Keywords: dementia, aspirin, prevention, vascular cognitive impairment, vascular dementia, cerebrovascular disorders
Introduction
Longitudinal studies have given conflicting results about the association between aspirin use and dementia incidence. In some studies, aspirin acted as a protective factor, 1 in some as a risk factor, 2 and in some, there was no association. 3,4
Our hypothesis was that aspirin might be associated with lower dementia incidence when overt or hidden vascular pathologies (such as infarcts, 5 microinfarcts, 6 and atherosclerosis 7 ) underlie cognitive decline.
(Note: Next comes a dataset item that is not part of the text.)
(* If Assumptions 1 and 3 hold, there exists $\nu_{\rm SMON}$ such that $F_\nu$ is strongly monotone on $\mathcal{X}$ for all $\nu>\nu_{\rm SMON}$.
   Context: Let $N,n$ be positive integers; for $i\in\{1,\dots,N\}$, $\mathcal{X}^i\subset\mathbb{R}^n$ is convex, compact with non-empty interior; $\mathcal{X}=\mathcal{X}^1\times\dots\times\mathcal{X}^N$, $x=[x^1;\dots;x^N]$. Costs $J^i(z_1,z_2):\mathcal{X}^i\times\mathrm{conv}(\mathcal{X}^1,\dots,\mathcal{X}^N)\to\mathbb{R}$ are continuously differentiable, with $x^i\mapsto J^i(x^i,\frac1N\sum_jx^j)$ convex for each fixed $x^{-i}$. $T\in[0,1]^{N\times N}$. Define $\sigma_\infty(x)=\frac1N\sum_jx^j$, $\sigma^i_\nu(x)=\sum_j[T^\nu]_{ij}x^j$, $F_\infty(x)=[\nabla_{z_1}J^i(x^i,\sigma_\infty(x))+\frac1N\nabla_{z_2}J^i(x^i,\sigma_\infty(x))]_{i=1}^N$ (the gradient in $x^i$ of $x^i\mapsto J^i(x^i,\sigma_\infty(x))$), and $F_\nu(x)=[\nabla_{z_1}J^i(x^i,\sigma^i_\nu(x))+[T^\nu]_{ii}\nabla_{z_2}J^i(x^i,\sigma^i_\nu(x))]_{i=1}^N$. An operator $H$ is strongly monotone on $\mathcal{X}$ if there is $\alpha>0$ with $(H(x)-H(y))^\top(x-y)\ge\alpha\|x-y\|^2$ for all $x,y\in\mathcal{X}$. Assumption 1: $T$ is primitive and doubly stochastic. Assumption 3: each $J^i$ is twice continuously differentiable and $F_\infty$ is strongly monotone on $\mathcal{X}$. *)

theory Defs
  imports "HOL-Analysis.Analysis"
begin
To identify individuals with vascular cognitive decline, neuropsychological tests were one of the measures which could be used. 8 Neuropsychological tests at which participants with vascular dementia (VaD) performed worse than participants with Alzheimer’s disease (AD) could be assumed to help in identifying early stages of vascular cognitive impairment. If our hypothesis was true, individual with low scores in those neuropsychological tests would be at early stages of vascular cognitive impairment and would have lower dementia incidence if they were aspirin users.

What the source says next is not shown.